■ Instructions for the task
Go through the entries and copy every line that has the string "symmetric" in it.

Collected data:
lemma convex_quadrilateral_coordinates:
  fixes A B C D :: "real^3"
  assumes quad: "convex_quadrilateral A B C D"
  shows "(B - A) \<times> (C - A) \<noteq> 0"
    and "\<exists>u v. D = A + u *\<^sub>R (B - A) + v *\<^sub>R (C - A) \<and> u < 0 \<and> 0 < v \<and> u + v < 1"
proof -
  show "(B - A) \<times> (C - A) \<noteq> 0"
    using convex_quadrilateral_affine_coordinates(1)[OF quad] .
  obtain u v where D: "D = A + u *\<^sub>R (B - A) + v *\<^sub>R (C - A)"
    using convex_quadrilateral_affine_coordinates(2)[OF quad] by blast
  have dist: "distinct [A, B, C, D]"
    and AB: "closed_segment A B face_of convex hull {A, B, C, D}"
    and BC: "closed_segment B C face_of convex hull {A, B, C, D}"
    and DA: "closed_segment D A face_of convex hull {A, B, C, D}"
    using quad unfolding convex_quadrilateral_def by blast+
  have val: "w \<bullet> D - t = (w \<bullet> A - t) + u * (w \<bullet> B - w \<bullet> A) + v * (w \<bullet> C - w \<bullet> A)" for w t
    by (simp add: D inner_add_right inner_diff_right)
  obtain w t where "w \<bullet> A = t" "w \<bullet> B = t" and "\<forall>X\<in>{A, B, C, D} - {A, B}. w \<bullet> X < t"
    using convex_quadrilateral_edge_functional[OF quad AB] by auto
  moreover from this(3) have "w \<bullet> C < t" "w \<bullet> D < t"
    using dist by auto
  ultimately have "v * (w \<bullet> C - t) < 0" "w \<bullet> C - t < 0"
    using val[of w t] by simp_all
  then have v: "0 < v"
    by (simp add: mult_less_0_iff)
  obtain w t where "w \<bullet> B = t" "w \<bullet> C = t" and "\<forall>X\<in>{A, B, C, D} - {B, C}. w \<bullet> X < t"
    using convex_quadrilateral_edge_functional[OF quad BC] by auto
  moreover from this(3) have "w \<bullet> A < t" "w \<bullet> D < t"
    using dist by auto
  ultimately have "(1 - u - v) * (w \<bullet> A - t) < 0" "w \<bullet> A - t < 0"
    using val[of w t] by (simp_all add: algebra_simps)
  then have uv: "u + v < 1"
    by (simp add: mult_less_0_iff)
  obtain w t where "w \<bullet> D = t" "w \<bullet> A = t" and "\<forall>X\<in>{A, B, C, D} - {D, A}. w \<bullet> X < t"
    using convex_quadrilateral_edge_functional[OF quad DA] by auto
  moreover from this(3) have "w \<bullet> B < t" "w \<bullet> C < t"
    using dist by auto
  ultimately have "u * (w \<bullet> B - t) = - (v * (w \<bullet> C - t))" "0 < - (v * (w \<bullet> C - t))" "w \<bullet> B - t < 0"
    using val[of w t] v by (simp_all add: algebra_simps mult_pos_neg)
  then have "0 < u * (w \<bullet> B - t)" "w \<bullet> B - t < 0"
    by simp_all
  then have u: "u < 0"
    by (simp add: zero_less_mult_iff)
  show "\<exists>u v. D = A + u *\<^sub>R (B - A) + v *\<^sub>R (C - A) \<and> u < 0 \<and> 0 < v \<and> u + v < 1"
    using D u v uv by blast
qed

section \<open>Isotropic planes and metric duality\<close>

lemma isotropic_plane_hyperplane_iff:
  fixes n :: "real^3"
  assumes "n \<noteq> 0"
  shows "isotropic_plane {x. n \<bullet> x = b} \<longleftrightarrow> n $ 3 = 0"
proof -
  have shift: "n \<bullet> (x + t *\<^sub>R isotropic_dir) = n \<bullet> x + t * n $ 3" for x t
    by (simp add: isotropic_dir_def inner_add_right inner_axis)
  have "n \<bullet> ((b / (n \<bullet> n)) *\<^sub>R n) = b"
    using assms by simp
  then have "\<exists>x. n \<bullet> x = b" ..
  then show ?thesis
    using assms by (auto simp: isotropic_plane_def affine_hyperplane shift)
qed

lemma ex_isotropic_plane_superset_iff:
  fixes A B C D :: "real^3"
  assumes n: "(B - A) \<times> (C - A) \<noteq> 0" and D: "D = A + u *\<^sub>R (B - A) + v *\<^sub>R (C - A)"
  shows "(\<exists>P. isotropic_plane P \<and> {A, B, C, D} \<subseteq> P) \<longleftrightarrow> ((B - A) \<times> (C - A)) $ 3 = 0"
proof -
  let ?n = "(B - A) \<times> (C - A)"
  let ?H = "{x. ?n \<bullet> x = ?n \<bullet> A}"
  have H: "affine hull {A, B, C, D} = ?H"
    by (rule affine_hull_4_eq_plane[OF n D])
  have "P = ?H" if "isotropic_plane P" "{A, B, C, D} \<subseteq> P" for P
  proof (rule affine_dim_equal[symmetric])
    show "?H \<subseteq> P"
      using that H hull_minimal[of "{A, B, C, D}" P affine] by (auto simp: isotropic_plane_def)
    show "aff_dim ?H = aff_dim P"
      using that n by (simp add: isotropic_plane_def)
  qed (use that in \<open>auto simp: affine_hyperplane isotropic_plane_def\<close>)
  moreover have "{A, B, C, D} \<subseteq> ?H"
    using H hull_subset[of "{A, B, C, D}" affine] by blast
  ultimately have "(\<exists>P. isotropic_plane P \<and> {A, B, C, D} \<subseteq> P) \<longleftrightarrow> isotropic_plane ?H"
    by blast
  then show ?thesis
    using n by (simp add: isotropic_plane_hyperplane_iff)
qed

definition dual_normal :: "real^3 \<Rightarrow> real^3" where
  "dual_normal P = vector [P $ 1, P $ 2, -1]"
(* Let $n\in\mathbb{N}_{\geq 2}$, $k_n=\lceil\log_2 n\rceil$, and suppose $n\neq 3\cdot 2^{k_n-2}$. Then the GFB trees $T_{n-1}^{gfb},T_n^{gfb},T_{n+1}^{gfb}$ have a common maximal pending subtree which is fully balanced: (i) if $n\in(2^{k_n-1},3\cdot2^{k_n-2})$, this common subtree is the fully balanced tree of height $k_n-2$; (ii) if $n\in(3\cdot2^{k_n-2},2^{k_n}]$, it is the fully balanced tree of height $k_n-1$.
   Context: A rooted binary tree with $n\geq 2$ leaves is a rooted tree whose root has degree 2 and all other internal nodes have degree 3; for $n=1$ it is a single node. Trees are considered up to isomorphism. The maximal pending subtrees of a tree with at least 2 leaves are the two subtrees rooted at the children of the root. The fully balanced tree of height $k$ is the rooted binary tree with $2^k$ leaves all at depth $k$. The GFB tree $T_n^{gfb}$ is the output of: start with $n$ single-node trees; while more than one tree remains, remove a tree $u$ of minimal size (number of leaves), then remove a tree $v$ of minimal size among the remaining ones, and insert the tree with a new root whose children are the roots of $u$ and $v$; output the remaining tree. *)

theory Defs
  imports Complex_Main "HOL-Library.Multiset"
begin

text \<open>Rooted binary trees (ordered representation; isomorphism = swapping children).\<close>
datatype btree = BLeaf | BNode btree btree

fun leaves :: "btree \<Rightarrow> nat" where
  "leaves BLeaf = 1"
| "leaves (BNode l r) = leaves l + leaves r"

inductive iso :: "btree \<Rightarrow> btree \<Rightarrow> bool" where
  iso_leaf: "iso BLeaf BLeaf"
| iso_node: "iso l l' \<Longrightarrow> iso r r' \<Longrightarrow> iso (BNode l r) (BNode l' r')"
| iso_swap: "iso l r' \<Longrightarrow> iso r l' \<Longrightarrow> iso (BNode l r) (BNode l' r')"

fun fb :: "nat \<Rightarrow> btree" where
  "fb 0 = BLeaf"
| "fb (Suc k) = BNode (fb k) (fb k)"

text \<open>S is (isomorphic to) a maximal pending subtree of T. Convention for the
  single-node tree (only relevant for T_1 when n = 2): its pending subtree is itself.\<close>
fun has_mps :: "btree \<Rightarrow> btree \<Rightarrow> bool" where
  "has_mps BLeaf S = iso BLeaf S"
| "has_mps (BNode l r) S = (iso l S \<or> iso r S)"
text \<open>Substituting \<open>y = t/(1+t)\<close> turns a combination of the basis into a polynomial in \<open>t\<close>
  vanishing on \<open>(0,1)\<close>.\<close>

lemma bern_lin_indep:
  assumes k: "k \<ge> 1" and h: "\<And>y. 0 < y \<Longrightarrow> y < 1 \<Longrightarrow> (\<Sum>b\<in>{1..k}. a b * bern k b y) = 0"
    and b: "b \<in> {1..k}"
  shows "a b = 0"
proof -
  define cc where "cc i = a (Suc i) / (fact i * fact (k - Suc i))" for i
  have z: "(\<Sum>i\<le>k-1. cc i * t^i) = 0" if t: "0 < t" "t < 1" for t :: real
  proof -
    have y: "0 < t / (1 + t)" "t / (1 + t) < 1" using t by (auto simp: field_simps)
    have "0 = (\<Sum>b\<in>{1..k}. a b * bern k b (t / (1 + t)))" using h[OF y] by simp
    also have "\<dots> = (\<Sum>b\<in>{1..k}. a b * (t^(b-1) / (fact (b-1) * fact (k-b)))) / (1+t)^(k-1)"
      unfolding sum_divide_distrib by (rule sum.cong[OF refl]) (use t bern_at_ratio in auto)
    also have "(\<Sum>b\<in>{1..k}. a b * (t^(b-1) / (fact (b-1) * fact (k-b)))) = (\<Sum>i\<le>k-1. cc i * t^i)"
      unfolding sum_atLeast1_atMost_shift[OF k] cc_def by simp
    finally show ?thesis using t by simp
  qed
  have "{0<..<1::real} \<subseteq> {t. (\<Sum>i\<le>k-1. cc i * t^i) = 0}" using z by auto
  moreover have "infinite {0<..<1::real}" by simp
  ultimately have "infinite {t::real. (\<Sum>i\<le>k-1. cc i * t^i) = 0}" using finite_subset by blast
  then have "\<forall>i\<le>k-1. cc i = 0" using polyfun_finite_roots[of cc "k-1"] by auto
  then have "cc (b-1) = 0" using b by auto
  then show ?thesis using b unfolding cc_def by simp
qed

lemma bern_combination_const:
  assumes k: "k \<ge> 1" and h: "\<And>y. 0 < y \<Longrightarrow> y < 1 \<Longrightarrow> (\<Sum>b\<in>{1..k}. a b * bern k b y) = C"
    and b: "b \<in> {1..k}"
  shows "a b = C * fact (k-1)"
proof -
  have "(\<Sum>b\<in>{1..k}. (a b - C * fact (k-1)) * bern k b y) = 0" if "0 < y" "y < 1" for y
  proof -
    have "(\<Sum>b\<in>{1..k}. (a b - C * fact (k-1)) * bern k b y)
        = (\<Sum>b\<in>{1..k}. a b * bern k b y) - C * fact (k-1) * (\<Sum>b\<in>{1..k}. bern k b y)"
      by (simp add: algebra_simps sum_subtractf sum_distrib_left)
    also have "\<dots> = 0" using h[OF that] sum_bern[OF k] by simp
    finally show ?thesis .
  qed
  from bern_lin_indep[OF k this b] show ?thesis by simp
qed

text \<open>\<open>elev k k' b z\<close> is the coefficient of \<open>bern k b\<close> in \<open>bern k' z\<close>, obtained by multiplying
  with \<open>(y + (1 - y))\<^bsup>k-k'\<^esup>\<close>.\<close>

definition elev :: "nat \<Rightarrow> nat \<Rightarrow> nat \<Rightarrow> nat \<Rightarrow> real" where
  "elev k k' b z = (if z \<le> b \<and> b \<le> z + (k - k') then
      real ((k - k') choose (b - z)) * fact (b - 1) * fact (k - b) / (fact (z - 1) * fact (k' - z))
    else 0)"

lemma bern_degree_elevation:
  assumes "1 \<le> z" "z \<le> k'" "k' \<le> k"
  shows "bern k' z y = (\<Sum>b\<in>{1..k}. elev k k' b z * bern k b y)"
proof -
  define d where "d = k - k'"
  have "bern k' z y = (y + (1 - y))^d * bern k' z y" by simp
  also have "\<dots> = (\<Sum>i\<le>d. real (d choose i) * y^i * (1-y)^(d-i) * bern k' z y)"
    unfolding binomial_ring sum_distrib_right by simp
  also have "\<dots> = (\<Sum>i\<le>d. elev k k' (i + z) z * bern k (i + z) y)"
  proof (rule sum.cong[OF refl])
    fix i assume "i \<in> {..d}"
    then have i: "i \<le> d" by simp
    have e1: "i + z - 1 = i + (z - 1)" using assms by simp
    have e2: "k - (i + z) = (d - i) + (k' - z)" using assms i unfolding d_def by simp
    have "elev k k' (i + z) z
        = real (d choose i) * fact (i + z - 1) * fact (k - (i + z)) / (fact (z - 1) * fact (k' - z))"
      unfolding elev_def d_def[symmetric] using i by simp
    then show "real (d choose i) * y^i * (1-y)^(d-i) * bern k' z y = elev k k' (i + z) z * bern k (i + z) y"
      unfolding bern_def e1 e2 by (simp add: power_add field_simps)
  qed
  also have "\<dots> = (\<Sum>b\<in>{z..d+z}. elev k k' b z * bern k b y)"
    using sum.shift_bounds_cl_nat_ivl[of "\<lambda>b. elev k k' b z * bern k b y" 0 z d]
    by (simp add: atLeast0AtMost)
  also have "\<dots> = (\<Sum>b\<in>{1..k}. elev k k' b z * bern k b y)"
    by (rule sum.mono_neutral_left) (use assms in \<open>auto simp: elev_def d_def\<close>)
  finally show ?thesis .
qed

lemma elev_same: assumes "1 \<le> z" "z \<le> k" shows "elev k k b z = (if b = z then 1 else 0)"
  using assms unfolding elev_def by auto

lemma elev_nonneg: "elev k k' b z \<ge> 0"
  unfolding elev_def by auto

lemma elev_pos: assumes "z \<le> b" "b \<le> z + (k - k')" shows "elev k k' b z > 0"
  using assms unfolding elev_def by auto

lemma elev_eq_0: assumes "\<not> (z \<le> b \<and> b \<le> z + (k - k'))" shows "elev k k' b z = 0"
  using assms unfolding elev_def by auto

lemma perm_app_in_range:
  assumes "is_perm p" "m \<in> {1..length p}"
  shows "perm_app p m \<in> {1..length p}"
proof -
  have "p ! (m-1) \<in> set p" using assms(2) by auto
  then show ?thesis using assms(1) unfolding is_perm_def perm_app_def by simp
qed

lemma inj_on_perm_app: assumes "is_perm p" shows "inj_on (perm_app p) {1..length p}"
proof (rule inj_onI)
  fix a b assume a: "a \<in> {1..length p}" and b: "b \<in> {1..length p}" and e: "perm_app p a = perm_app p b"
  have "distinct p" using assms unfolding is_perm_def by simp
  have "a - 1 < length p" "b - 1 < length p" using a b by auto
  then have "a - 1 = b - 1"
    using e nth_eq_iff_index_eq[OF \<open>distinct p\<close>] unfolding perm_app_def by blast
  then show "a = b" using a b by (simp only: atLeastAtMost_iff) arith
qed
text \<open>\<open>U\<close> and \<open>W\<close> are the normalised positive part of \<open>m\<close> on \<open>\<sigma>\<close> and negative part on \<open>\<tau>\<close>.\<close>
lemma signed_dependence_split:
  assumes fin: "finite \<sigma>" "finite \<tau>" and m: "signed_dependence e \<sigma> \<tau> m"
    and nonzero: "\<exists>t\<in>\<sigma> \<union> \<tau>. m t \<noteq> 0"
  obtains c U W where "0 < c" "\<forall>t\<in>\<sigma>. 0 \<le> U t" "sum U \<sigma> = 1" "\<forall>t\<in>\<tau>. 0 \<le> W t" "sum W \<tau> = 1"
    and "\<forall>j. power_moment \<sigma> U j - power_moment \<tau> W j = power_moment (\<sigma> \<union> \<tau>) m j / c"
    and "\<forall>t\<in>\<sigma> - \<tau>. m t = c * U t" "\<forall>t\<in>\<tau> - \<sigma>. m t = - c * W t"
proof -
  define u where "u t = max (m t) 0" for t
  define w where "w t = max (- m t) 0" for t
  have m_eq: "m = (\<lambda>t. u t - w t)" and uw: "\<forall>t. 0 \<le> u t \<and> 0 \<le> w t"
    by (auto simp: u_def w_def fun_eq_iff)
  have u_zero: "\<forall>t\<in>\<tau> - \<sigma>. u t = 0" and w_zero: "\<forall>t\<in>\<sigma> - \<tau>. w t = 0"
    using m by (auto simp: signed_dependence_def u_def w_def)
  have moments: "power_moment \<sigma> u j - power_moment \<tau> w j = power_moment (\<sigma> \<union> \<tau>) m j" for j
  proof -
    have "power_moment \<sigma> u j = power_moment (\<sigma> \<union> \<tau>) u j"
      by (rule power_moment_mono_neutral) (use fin u_zero in auto)
    moreover have "power_moment \<tau> w j = power_moment (\<sigma> \<union> \<tau>) w j"
      by (rule power_moment_mono_neutral) (use fin w_zero in auto)
    ultimately show ?thesis by (simp add: m_eq power_moment_diff)
  qed
  define c where "c = sum u \<sigma>"
  have "power_moment (\<sigma> \<union> \<tau>) m 0 = 0" using m unfolding signed_dependence_def by blast
  with moments[of 0] have "sum w \<tau> = c" by (simp add: c_def power_moment_0)
  have "0 < c"
  proof (rule ccontr)
    assume "\<not> 0 < c"
    then have "sum u \<sigma> = 0" "sum w \<tau> = 0"
      using \<open>sum w \<tau> = c\<close> uw fin by (auto simp: c_def intro!: antisym sum_nonneg)
    then have "\<forall>t\<in>\<sigma>. u t = 0" "\<forall>t\<in>\<tau>. w t = 0"
      using fin uw by (simp_all add: sum_nonneg_eq_0_iff)
    with u_zero w_zero nonzero show False by (auto simp: m_eq)
  qed
  show ?thesis
  proof (rule that[of c "\<lambda>t. u t / c" "\<lambda>t. w t / c"])
    show "\<forall>j. power_moment \<sigma> (\<lambda>t. u t / c) j - power_moment \<tau> (\<lambda>t. w t / c) j
        = power_moment (\<sigma> \<union> \<tau>) m j / c"
      using moments
      by (simp add: power_moment_def sum_divide_distrib[symmetric] diff_divide_distrib[symmetric])
  qed (use \<open>0 < c\<close> \<open>sum w \<tau> = c\<close> uw u_zero w_zero in
      \<open>auto simp: c_def m_eq sum_divide_distrib[symmetric]\<close>)
qed
lemma row_step_shortcut:
  assumes "row_step p m" "row_step m x" "p \<le> m"
  shows "row_step p x"
proof -
  obtain c where c: "arc p c" "arc c m" "p \<in> R" using assms(1) by (auto simp: row_step_def)
  obtain d where d: "arc m d" "arc d x" "m \<in> R" using assms(2) by (auto simp: row_step_def)
  have pc: "cellF n R p c" "T p c = 1" and mc: "cellF n R m c" "T m c = 0"
    and md: "cellF n R m d" "T m d = 1"
    using c d by (auto simp: arc_def cellF_iff)
  have pd: "cellF n R p d" using md(1) c(3) assms(3) by (auto simp: cellF_iff)
  have "T p d = 1" using entry_01[OF pd] no_rectangle[OF pd pc(1) md(1) mc(1)] pc mc md by auto
  then have "arc p d" using pd by (auto simp: arc_def)
  then show ?thesis using c(3) d(2) by (auto simp: row_step_def)
qed

lemma finite_set_has_source:
  assumes "finite U" "U \<noteq> {}"
  shows "\<exists>v\<in>U. preds v \<inter> U = {}"
proof (rule ccontr)
  assume "\<not> ?thesis"
  then have closed: "\<exists>u\<in>U. arc u v" if "v \<in> U" for v using that by blast
  have "\<exists>a\<in>U \<inter> R. row_step a b" if b: "b \<in> U \<inter> R" for b
  proof -
    obtain c where c: "c \<in> U" "arc c b" using closed b by blast
    obtain a where a: "a \<in> U" "arc a c" using closed c(1) by blast
    have "a \<in> R" using b arc_row_iff_col[OF c(2)] arc_row_iff_col[OF a(2)] by blast
    then show ?thesis using a c by (auto simp: row_step_def)
  qed
  then have "U \<inter> R = {}"
    using pred_closed_finite_set_empty[of row_step "U \<inter> R"] row_step_irrefl row_step_shortcut
      assms(1) by blast
  moreover obtain v where "v \<in> U" using assms(2) by blast
  ultimately show False using closed arc_row_iff_col by blast
qed

definition conf :: "nat \<Rightarrow> nat \<Rightarrow> nat" where
  "conf k = fst (canonStep n R (phiTC n R T) k)"

definition block :: "nat \<Rightarrow> nat set" where
  "block k = canonBlock n R (phiTC n R T) k"
lemma cut_condition_outside:
  assumes "cut_condition V E A B" "X \<subseteq> V" "simple_graph V E"
    and tight: "count_in B X + card (cut_arcs E X) \<le> count_in A X"
  shows "cut_condition (V - X) (induced_edges E (V - X)) (sources_outside V E X A) {#v \<in># B. v \<in> V - X#}"
  unfolding cut_condition_def
proof (intro allI impI)
  fix Z assume Z: "Z \<subseteq> V - X"
  let ?C = "cut_arcs (induced_edges E (V - X)) Z"
  let ?P = "{f \<in> cut_arcs E X. snd f \<in> Z}" and ?N = "{f \<in> cut_arcs E X. snd f \<notin> Z}"
  have fin: "finite (cut_arcs E X)" "finite ?C"
    using finite_cut_arcs[OF assms(3)]
      finite_cut_arcs[OF simple_graph_induced[OF assms(3), of "V - X"]] by auto
  have "cut_arcs E (Z \<union> X) \<subseteq> ?C \<union> ?N"
  proof
    fix f assume f: "f \<in> cut_arcs E (Z \<union> X)"
    moreover have "f \<in> V \<times> V"
      using f cut_arcs_subset[OF assms(3)] by blast
    ultimately show "f \<in> ?C \<union> ?N"
      using Z by (auto simp: cut_arcs_def induced_edges_def)
  qed
  then have "card (cut_arcs E (Z \<union> X)) \<le> card ?C + card ?N"
    using fin by (intro card_le_card_Un) auto
  moreover have "card ?P + card ?N = card (cut_arcs E X)"
  proof -
    have "card (?P \<union> ?N) = card ?P + card ?N"
      using fin(1) by (intro card_Un_disjoint) auto
    moreover have "?P \<union> ?N = cut_arcs E X"
      by blast
    ultimately show ?thesis
      by simp
  qed
  \<comment> \<open>the condition for Z is the one for Z \<union> X minus the tight one for X\<close>
  moreover have "count_in A (Z \<union> X) \<le> count_in B (Z \<union> X) + card (cut_arcs E (Z \<union> X))"
    using assms(1,2) Z unfolding cut_condition_def by (meson Diff_subset le_sup_iff order_trans)
  moreover have "Z \<inter> X = {}"
    using Z by blast
  note count_in_Un_disjoint[OF this, of A] count_in_Un_disjoint[OF this, of B]
  ultimately show "count_in (sources_outside V E X A) Z \<le> count_in {#v \<in># B. v \<in> V - X#} Z + card ?C"
    unfolding sources_outside_def count_in_union count_in_filter[OF Z] count_in_image_mset_set[OF fin(1)]
    using tight by linarith
qed

lemma size_filter_mset_le_disj:
  "(\<And>x. x \<in># M \<Longrightarrow> P x \<Longrightarrow> Q x \<or> R x) \<Longrightarrow>
   size {#x \<in># M. P x#} \<le> size {#x \<in># M. Q x#} + size {#x \<in># M. R x#}"
  by (induction M) auto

■ Answer to the problem
  proof (rule affine_dim_equal[symmetric])
      unfolding elev_def d_def[symmetric] using i by simp
      by (simp add: power_moment_def sum_divide_distrib[symmetric] diff_divide_distrib[symmetric])
      \<open>auto simp: c_def m_eq sum_divide_distrib[symmetric]\<close>)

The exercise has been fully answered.